(Stored items)
========================================================================

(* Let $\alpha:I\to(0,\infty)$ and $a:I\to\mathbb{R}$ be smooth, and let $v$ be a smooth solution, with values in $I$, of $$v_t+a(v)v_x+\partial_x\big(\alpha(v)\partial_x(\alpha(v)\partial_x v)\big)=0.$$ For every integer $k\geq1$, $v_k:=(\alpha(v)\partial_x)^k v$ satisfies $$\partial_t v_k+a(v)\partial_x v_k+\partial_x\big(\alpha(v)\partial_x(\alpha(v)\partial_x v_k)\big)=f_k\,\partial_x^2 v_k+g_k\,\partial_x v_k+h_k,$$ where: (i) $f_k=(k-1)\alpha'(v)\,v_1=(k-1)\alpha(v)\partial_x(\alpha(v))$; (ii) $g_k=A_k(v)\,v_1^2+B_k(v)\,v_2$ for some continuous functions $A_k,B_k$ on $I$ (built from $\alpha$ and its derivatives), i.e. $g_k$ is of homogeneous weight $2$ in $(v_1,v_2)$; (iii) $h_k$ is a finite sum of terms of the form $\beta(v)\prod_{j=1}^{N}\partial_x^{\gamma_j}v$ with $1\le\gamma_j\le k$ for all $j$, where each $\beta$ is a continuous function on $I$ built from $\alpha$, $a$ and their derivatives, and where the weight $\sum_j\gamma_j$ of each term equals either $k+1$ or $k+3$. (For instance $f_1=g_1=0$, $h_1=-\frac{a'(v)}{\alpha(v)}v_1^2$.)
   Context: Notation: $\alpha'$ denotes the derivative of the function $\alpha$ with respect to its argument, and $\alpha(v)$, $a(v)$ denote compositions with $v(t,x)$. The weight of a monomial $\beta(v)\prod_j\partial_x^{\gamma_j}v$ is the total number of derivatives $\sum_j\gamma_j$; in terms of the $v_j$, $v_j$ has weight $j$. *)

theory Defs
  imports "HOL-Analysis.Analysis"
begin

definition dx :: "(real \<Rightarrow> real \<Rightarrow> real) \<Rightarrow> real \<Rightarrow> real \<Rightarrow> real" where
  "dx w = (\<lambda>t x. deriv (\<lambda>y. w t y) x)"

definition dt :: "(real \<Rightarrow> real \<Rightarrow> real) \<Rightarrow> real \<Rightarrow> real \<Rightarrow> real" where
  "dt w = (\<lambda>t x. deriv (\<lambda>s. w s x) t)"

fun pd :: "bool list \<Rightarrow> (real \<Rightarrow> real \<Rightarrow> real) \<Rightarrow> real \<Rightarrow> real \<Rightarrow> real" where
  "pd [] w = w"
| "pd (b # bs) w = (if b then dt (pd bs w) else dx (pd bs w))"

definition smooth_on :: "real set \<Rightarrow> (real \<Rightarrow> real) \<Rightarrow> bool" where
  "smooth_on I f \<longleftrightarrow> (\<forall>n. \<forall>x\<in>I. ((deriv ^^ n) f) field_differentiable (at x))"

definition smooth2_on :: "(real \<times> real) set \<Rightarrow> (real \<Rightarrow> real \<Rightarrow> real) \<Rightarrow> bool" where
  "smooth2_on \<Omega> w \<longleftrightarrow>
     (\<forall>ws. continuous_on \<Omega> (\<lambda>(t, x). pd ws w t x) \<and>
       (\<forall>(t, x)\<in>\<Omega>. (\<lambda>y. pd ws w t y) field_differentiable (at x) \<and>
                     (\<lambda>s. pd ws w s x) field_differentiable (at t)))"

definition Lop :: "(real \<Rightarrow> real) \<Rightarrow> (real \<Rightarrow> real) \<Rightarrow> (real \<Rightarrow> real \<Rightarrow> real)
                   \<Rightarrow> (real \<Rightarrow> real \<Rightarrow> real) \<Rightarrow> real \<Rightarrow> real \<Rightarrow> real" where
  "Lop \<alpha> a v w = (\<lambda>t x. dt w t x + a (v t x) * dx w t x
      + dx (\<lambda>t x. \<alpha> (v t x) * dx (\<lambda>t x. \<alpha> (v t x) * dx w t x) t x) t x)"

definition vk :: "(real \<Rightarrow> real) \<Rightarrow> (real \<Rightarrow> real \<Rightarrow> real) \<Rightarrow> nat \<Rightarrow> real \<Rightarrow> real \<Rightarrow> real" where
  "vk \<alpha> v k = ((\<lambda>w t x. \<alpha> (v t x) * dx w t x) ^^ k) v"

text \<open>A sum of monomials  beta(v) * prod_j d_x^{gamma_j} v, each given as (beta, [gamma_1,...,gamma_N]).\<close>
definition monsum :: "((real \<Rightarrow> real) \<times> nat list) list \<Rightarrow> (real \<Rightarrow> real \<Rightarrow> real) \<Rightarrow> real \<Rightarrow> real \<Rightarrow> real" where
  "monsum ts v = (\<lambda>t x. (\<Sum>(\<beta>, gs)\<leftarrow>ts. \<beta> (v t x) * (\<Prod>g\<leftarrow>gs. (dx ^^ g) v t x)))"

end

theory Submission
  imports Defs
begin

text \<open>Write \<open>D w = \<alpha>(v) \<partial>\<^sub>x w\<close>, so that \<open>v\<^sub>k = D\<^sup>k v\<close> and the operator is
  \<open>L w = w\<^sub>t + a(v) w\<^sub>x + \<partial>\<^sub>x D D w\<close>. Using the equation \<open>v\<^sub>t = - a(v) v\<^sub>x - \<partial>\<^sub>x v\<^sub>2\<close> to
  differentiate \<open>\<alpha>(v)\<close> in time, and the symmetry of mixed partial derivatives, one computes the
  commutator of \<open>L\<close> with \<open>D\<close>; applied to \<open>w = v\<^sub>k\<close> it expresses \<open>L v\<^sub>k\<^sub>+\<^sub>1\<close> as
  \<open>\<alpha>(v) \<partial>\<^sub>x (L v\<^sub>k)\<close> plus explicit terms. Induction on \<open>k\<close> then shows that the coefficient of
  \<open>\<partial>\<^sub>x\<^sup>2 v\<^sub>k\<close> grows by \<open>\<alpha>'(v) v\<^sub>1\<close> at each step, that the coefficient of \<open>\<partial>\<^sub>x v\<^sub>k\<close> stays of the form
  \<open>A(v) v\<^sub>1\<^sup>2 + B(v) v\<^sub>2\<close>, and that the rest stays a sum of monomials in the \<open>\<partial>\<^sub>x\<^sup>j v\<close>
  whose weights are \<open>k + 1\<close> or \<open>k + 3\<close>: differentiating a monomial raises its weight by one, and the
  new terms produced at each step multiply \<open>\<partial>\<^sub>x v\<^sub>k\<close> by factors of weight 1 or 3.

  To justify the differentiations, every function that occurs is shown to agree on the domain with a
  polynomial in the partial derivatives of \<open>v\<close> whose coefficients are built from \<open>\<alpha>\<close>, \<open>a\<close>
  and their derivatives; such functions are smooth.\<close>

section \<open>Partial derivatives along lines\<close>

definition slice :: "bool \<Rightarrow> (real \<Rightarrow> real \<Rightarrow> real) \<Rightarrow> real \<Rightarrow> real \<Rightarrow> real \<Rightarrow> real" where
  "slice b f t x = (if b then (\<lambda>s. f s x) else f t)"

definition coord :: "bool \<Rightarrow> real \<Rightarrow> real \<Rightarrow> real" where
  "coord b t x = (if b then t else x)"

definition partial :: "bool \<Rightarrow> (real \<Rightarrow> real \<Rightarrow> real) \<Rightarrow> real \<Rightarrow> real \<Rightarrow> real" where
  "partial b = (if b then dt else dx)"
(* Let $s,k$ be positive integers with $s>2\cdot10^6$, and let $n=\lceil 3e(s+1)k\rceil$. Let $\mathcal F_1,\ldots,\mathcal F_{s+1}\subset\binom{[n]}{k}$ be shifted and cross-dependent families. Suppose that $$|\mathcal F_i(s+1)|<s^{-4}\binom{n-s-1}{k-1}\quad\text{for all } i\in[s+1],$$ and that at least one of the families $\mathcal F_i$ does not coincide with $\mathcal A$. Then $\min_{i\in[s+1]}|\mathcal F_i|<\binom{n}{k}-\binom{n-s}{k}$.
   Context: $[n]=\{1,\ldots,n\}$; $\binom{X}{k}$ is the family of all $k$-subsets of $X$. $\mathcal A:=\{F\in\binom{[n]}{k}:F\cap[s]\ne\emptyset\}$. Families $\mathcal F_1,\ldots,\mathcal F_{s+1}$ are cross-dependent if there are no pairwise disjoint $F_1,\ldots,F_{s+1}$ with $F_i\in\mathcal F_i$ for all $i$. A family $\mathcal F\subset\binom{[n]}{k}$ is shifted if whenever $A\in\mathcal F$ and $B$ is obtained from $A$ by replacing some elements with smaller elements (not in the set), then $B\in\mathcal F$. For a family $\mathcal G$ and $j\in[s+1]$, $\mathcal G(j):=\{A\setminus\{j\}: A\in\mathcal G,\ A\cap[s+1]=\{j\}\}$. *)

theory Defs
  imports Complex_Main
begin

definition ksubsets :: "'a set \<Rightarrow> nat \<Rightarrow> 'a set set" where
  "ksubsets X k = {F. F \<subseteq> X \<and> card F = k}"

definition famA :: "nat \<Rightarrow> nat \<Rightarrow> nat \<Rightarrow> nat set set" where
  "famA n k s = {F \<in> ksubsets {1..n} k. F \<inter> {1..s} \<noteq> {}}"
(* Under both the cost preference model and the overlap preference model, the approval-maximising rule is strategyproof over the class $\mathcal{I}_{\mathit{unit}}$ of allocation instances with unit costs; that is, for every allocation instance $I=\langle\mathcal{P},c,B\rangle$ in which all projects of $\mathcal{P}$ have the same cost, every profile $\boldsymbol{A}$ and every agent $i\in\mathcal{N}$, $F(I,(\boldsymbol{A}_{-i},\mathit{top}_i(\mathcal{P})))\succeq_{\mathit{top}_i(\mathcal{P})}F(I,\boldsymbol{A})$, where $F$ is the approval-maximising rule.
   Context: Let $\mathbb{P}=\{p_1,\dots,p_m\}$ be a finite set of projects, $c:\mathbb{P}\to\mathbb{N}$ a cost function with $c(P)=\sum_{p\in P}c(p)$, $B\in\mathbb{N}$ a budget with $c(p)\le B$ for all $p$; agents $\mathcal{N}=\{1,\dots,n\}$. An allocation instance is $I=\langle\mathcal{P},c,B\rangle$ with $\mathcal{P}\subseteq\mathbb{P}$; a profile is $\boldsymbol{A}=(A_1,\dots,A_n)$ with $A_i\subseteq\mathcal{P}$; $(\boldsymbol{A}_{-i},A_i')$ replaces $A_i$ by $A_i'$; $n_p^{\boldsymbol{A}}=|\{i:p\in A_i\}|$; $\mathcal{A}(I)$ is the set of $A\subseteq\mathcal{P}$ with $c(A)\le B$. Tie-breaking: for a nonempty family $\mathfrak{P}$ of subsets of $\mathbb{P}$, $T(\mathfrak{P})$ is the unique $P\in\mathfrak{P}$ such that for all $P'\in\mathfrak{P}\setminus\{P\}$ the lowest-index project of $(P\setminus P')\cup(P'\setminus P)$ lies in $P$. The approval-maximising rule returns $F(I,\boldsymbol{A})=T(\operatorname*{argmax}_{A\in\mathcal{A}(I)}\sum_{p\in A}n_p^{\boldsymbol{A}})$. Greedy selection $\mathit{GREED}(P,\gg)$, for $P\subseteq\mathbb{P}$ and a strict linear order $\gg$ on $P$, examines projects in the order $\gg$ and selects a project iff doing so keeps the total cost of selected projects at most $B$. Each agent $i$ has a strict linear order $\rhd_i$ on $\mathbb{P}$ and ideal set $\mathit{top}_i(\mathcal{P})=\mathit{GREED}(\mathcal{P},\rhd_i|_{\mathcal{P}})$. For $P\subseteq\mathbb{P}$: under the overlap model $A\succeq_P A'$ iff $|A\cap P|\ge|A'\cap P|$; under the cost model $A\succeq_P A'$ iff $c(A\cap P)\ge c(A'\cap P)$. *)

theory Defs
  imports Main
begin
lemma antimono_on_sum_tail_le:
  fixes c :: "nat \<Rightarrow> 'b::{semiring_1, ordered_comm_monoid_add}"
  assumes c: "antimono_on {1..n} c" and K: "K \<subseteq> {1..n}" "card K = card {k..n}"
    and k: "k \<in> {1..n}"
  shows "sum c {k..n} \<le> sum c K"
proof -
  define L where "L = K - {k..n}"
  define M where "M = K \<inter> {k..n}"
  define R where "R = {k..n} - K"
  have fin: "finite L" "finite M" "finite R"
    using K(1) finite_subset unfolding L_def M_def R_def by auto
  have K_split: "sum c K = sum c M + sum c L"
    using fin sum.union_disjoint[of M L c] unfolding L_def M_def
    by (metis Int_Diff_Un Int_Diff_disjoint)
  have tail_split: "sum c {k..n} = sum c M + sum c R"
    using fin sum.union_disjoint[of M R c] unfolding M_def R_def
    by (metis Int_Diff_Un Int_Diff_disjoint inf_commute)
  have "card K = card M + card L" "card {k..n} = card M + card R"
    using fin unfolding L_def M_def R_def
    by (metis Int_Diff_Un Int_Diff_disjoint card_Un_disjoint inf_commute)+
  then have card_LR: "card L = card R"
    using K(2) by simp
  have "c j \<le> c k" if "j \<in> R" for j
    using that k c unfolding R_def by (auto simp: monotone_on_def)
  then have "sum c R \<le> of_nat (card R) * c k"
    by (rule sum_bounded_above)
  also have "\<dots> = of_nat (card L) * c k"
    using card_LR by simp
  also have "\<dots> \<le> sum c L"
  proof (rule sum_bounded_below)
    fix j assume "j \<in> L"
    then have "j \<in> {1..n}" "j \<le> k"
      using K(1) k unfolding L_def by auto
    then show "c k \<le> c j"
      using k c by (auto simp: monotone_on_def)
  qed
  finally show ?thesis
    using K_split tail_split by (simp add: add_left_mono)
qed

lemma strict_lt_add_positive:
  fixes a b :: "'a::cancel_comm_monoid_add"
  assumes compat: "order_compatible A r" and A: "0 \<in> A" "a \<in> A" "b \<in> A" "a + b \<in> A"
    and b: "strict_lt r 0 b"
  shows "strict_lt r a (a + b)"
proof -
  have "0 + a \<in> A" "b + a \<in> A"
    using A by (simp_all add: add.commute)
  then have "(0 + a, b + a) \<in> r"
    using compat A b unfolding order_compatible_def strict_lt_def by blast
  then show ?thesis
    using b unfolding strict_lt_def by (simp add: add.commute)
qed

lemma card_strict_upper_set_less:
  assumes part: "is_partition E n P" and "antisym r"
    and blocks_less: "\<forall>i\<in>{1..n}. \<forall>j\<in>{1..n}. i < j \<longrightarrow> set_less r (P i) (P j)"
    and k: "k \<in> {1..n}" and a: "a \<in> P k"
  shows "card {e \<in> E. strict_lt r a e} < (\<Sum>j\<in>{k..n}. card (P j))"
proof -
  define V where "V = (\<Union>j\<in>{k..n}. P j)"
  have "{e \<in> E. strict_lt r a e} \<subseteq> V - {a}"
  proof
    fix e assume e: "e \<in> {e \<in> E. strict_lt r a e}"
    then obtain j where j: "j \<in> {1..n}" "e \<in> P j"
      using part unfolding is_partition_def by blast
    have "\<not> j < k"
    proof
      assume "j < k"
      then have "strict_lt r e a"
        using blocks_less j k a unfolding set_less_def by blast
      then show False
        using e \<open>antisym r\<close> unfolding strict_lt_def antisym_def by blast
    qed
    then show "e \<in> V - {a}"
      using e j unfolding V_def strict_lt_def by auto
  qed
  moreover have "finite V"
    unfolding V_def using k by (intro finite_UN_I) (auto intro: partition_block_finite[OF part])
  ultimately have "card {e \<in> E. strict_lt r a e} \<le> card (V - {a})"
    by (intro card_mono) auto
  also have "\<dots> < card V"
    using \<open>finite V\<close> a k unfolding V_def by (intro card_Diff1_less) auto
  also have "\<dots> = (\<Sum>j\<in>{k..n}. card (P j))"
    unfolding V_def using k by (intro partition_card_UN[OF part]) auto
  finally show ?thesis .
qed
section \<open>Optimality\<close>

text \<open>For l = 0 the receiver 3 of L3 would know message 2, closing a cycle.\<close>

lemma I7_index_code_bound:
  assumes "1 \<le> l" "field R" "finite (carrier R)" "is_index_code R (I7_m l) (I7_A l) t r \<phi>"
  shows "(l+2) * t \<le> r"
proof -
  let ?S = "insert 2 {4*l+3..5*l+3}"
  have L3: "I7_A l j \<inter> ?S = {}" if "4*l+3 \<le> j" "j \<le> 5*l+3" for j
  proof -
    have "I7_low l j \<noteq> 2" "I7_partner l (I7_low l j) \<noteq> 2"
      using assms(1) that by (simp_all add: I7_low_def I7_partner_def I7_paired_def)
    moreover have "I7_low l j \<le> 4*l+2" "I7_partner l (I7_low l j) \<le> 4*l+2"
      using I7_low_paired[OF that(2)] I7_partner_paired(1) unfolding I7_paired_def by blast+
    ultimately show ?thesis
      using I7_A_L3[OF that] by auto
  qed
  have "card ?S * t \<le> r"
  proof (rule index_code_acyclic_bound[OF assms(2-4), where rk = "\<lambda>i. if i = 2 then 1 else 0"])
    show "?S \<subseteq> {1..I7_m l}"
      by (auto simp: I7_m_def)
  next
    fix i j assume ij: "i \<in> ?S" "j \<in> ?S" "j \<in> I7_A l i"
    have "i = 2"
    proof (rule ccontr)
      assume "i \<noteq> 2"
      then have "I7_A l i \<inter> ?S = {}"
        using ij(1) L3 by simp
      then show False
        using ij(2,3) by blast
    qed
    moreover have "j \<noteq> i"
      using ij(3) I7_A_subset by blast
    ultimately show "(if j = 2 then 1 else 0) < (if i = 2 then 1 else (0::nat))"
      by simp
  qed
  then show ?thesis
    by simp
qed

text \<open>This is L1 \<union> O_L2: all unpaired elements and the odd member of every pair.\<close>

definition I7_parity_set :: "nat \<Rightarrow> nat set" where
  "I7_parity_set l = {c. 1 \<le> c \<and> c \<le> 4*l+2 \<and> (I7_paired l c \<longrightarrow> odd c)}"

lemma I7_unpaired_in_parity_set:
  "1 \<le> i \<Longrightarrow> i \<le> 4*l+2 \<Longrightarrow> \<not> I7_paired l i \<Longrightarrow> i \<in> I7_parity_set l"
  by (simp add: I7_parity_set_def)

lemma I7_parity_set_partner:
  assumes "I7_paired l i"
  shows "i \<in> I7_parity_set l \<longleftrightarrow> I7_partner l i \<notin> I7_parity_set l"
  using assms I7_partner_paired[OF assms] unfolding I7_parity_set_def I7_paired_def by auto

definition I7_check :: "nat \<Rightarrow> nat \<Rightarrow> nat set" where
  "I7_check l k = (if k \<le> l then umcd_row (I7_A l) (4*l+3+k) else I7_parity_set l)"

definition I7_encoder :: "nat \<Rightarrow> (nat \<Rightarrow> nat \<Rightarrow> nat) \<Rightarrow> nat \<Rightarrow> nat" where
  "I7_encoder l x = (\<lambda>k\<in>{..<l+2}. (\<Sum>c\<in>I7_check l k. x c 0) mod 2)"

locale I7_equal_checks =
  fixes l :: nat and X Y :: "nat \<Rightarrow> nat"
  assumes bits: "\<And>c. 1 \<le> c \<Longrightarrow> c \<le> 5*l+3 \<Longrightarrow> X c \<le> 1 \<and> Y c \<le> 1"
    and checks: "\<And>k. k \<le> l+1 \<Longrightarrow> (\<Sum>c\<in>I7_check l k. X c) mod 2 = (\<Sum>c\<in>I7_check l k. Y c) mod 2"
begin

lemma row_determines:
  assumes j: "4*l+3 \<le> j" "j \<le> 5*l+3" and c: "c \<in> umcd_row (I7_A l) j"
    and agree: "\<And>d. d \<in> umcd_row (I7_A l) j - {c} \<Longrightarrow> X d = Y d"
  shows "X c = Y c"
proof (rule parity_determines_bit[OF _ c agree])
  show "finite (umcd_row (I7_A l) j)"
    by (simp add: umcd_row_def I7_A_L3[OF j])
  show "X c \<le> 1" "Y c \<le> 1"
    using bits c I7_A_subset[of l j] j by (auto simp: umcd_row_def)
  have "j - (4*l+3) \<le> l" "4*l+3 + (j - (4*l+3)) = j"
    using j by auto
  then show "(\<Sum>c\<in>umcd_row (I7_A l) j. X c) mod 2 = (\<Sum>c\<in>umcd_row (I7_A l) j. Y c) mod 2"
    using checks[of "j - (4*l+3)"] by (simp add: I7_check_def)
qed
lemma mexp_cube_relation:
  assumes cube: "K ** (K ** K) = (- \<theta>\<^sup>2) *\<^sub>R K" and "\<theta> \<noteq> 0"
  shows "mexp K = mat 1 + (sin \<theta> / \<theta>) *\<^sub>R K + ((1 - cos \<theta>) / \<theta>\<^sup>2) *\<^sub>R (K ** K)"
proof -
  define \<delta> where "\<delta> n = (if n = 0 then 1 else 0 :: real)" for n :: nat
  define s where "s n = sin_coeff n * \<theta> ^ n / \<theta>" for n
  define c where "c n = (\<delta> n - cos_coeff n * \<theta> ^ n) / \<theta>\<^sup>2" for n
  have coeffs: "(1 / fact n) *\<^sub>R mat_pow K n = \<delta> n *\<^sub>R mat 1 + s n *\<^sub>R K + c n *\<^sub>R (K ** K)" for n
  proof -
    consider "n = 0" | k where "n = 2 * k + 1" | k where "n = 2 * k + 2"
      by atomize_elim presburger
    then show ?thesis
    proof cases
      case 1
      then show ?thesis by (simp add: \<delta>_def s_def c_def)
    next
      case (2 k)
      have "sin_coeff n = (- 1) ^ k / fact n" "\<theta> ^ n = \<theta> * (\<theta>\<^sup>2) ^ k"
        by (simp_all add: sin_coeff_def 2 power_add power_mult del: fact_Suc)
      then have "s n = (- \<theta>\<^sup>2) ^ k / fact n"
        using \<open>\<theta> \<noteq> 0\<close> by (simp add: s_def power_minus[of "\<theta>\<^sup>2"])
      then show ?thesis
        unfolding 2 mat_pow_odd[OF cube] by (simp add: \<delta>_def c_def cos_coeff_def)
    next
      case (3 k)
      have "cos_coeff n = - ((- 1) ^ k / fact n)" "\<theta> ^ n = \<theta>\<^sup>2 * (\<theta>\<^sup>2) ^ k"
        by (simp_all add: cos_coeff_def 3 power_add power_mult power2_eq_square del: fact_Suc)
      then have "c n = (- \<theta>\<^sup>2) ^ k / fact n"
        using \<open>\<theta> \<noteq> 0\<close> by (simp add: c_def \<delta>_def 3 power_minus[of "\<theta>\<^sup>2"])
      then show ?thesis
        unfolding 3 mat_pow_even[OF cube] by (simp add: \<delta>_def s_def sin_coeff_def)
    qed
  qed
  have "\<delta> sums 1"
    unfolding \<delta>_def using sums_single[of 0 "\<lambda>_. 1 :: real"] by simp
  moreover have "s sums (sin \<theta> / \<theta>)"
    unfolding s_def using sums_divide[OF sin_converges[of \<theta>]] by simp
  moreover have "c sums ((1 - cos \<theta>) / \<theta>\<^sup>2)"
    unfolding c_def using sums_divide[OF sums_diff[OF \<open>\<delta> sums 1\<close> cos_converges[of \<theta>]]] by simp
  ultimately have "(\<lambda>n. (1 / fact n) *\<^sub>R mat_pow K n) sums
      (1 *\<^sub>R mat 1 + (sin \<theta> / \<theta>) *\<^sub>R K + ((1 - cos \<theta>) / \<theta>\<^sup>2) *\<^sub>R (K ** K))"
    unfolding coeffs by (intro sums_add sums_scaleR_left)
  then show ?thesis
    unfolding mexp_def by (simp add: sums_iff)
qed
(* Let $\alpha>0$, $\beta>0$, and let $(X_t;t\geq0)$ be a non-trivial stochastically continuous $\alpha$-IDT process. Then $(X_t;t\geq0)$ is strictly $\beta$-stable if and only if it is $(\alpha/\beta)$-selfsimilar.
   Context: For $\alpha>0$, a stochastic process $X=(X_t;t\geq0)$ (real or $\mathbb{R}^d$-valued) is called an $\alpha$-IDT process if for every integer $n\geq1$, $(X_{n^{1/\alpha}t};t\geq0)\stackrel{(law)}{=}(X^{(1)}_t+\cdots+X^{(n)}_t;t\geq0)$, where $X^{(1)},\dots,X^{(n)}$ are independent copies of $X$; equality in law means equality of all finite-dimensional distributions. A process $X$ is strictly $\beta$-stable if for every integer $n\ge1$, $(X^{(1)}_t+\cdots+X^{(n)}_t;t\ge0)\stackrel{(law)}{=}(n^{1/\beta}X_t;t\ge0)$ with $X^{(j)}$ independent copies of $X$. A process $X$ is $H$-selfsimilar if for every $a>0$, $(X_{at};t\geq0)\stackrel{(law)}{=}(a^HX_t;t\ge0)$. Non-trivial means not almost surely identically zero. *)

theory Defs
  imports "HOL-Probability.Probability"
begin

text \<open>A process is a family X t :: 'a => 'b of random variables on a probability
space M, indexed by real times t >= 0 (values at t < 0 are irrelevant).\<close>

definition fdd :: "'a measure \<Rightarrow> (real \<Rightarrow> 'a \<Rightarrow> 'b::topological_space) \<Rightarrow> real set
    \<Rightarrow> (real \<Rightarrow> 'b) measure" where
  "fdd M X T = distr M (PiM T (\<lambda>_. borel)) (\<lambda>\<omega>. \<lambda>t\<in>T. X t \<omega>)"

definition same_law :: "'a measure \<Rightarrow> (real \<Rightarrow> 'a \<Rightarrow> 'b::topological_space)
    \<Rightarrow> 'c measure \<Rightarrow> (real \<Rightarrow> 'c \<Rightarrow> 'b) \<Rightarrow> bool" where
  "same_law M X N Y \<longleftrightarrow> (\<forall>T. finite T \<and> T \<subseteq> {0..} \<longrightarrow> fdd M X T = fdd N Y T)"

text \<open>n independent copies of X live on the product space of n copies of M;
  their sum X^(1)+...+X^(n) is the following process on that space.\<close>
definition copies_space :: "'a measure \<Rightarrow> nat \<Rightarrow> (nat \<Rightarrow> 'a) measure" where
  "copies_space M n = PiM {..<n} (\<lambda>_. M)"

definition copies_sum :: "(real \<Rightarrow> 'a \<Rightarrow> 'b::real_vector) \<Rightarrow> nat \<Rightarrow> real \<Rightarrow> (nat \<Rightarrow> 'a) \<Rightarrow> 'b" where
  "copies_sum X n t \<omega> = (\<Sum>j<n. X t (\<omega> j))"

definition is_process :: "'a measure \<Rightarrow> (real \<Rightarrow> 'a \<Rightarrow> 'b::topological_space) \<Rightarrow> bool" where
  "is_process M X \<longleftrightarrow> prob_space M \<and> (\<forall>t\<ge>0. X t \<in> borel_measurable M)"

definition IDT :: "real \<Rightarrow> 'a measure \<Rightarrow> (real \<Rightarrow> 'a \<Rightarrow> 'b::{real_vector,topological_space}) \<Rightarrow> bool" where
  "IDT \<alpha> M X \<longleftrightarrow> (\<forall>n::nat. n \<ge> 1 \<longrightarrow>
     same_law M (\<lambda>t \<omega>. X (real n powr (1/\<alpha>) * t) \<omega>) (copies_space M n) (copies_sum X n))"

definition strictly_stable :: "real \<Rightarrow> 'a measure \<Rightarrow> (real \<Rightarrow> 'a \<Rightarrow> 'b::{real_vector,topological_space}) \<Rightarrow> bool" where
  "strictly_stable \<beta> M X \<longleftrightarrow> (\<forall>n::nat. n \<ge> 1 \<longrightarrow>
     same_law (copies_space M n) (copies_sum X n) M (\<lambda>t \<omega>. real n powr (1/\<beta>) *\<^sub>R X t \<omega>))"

========================================================================

- GOAL OF THE EXERCISE -
Every line in the records that holds the word "shows" should be copied into the answer.

- OUTPUT BELOW -
  \<open>\<alpha>(v) \<partial>\<^sub>x (L v\<^sub>k)\<close> plus explicit terms. Induction on \<open>k\<close> then shows that the coefficient of
  shows "sum c {k..n} \<le> sum c K"
  shows "strict_lt r a (a + b)"
  shows "card {e \<in> E. strict_lt r a e} < (\<Sum>j\<in>{k..n}. card (P j))"
  shows "(l+2) * t \<le> r"
  shows "i \<in> I7_parity_set l \<longleftrightarrow> I7_partner l i \<notin> I7_parity_set l"
  shows "X c = Y c"
  shows "mexp K = mat 1 + (sin \<theta> / \<theta>) *\<^sub>R K + ((1 - cos \<theta>) / \<theta>\<^sup>2) *\<^sub>R (K ** K)"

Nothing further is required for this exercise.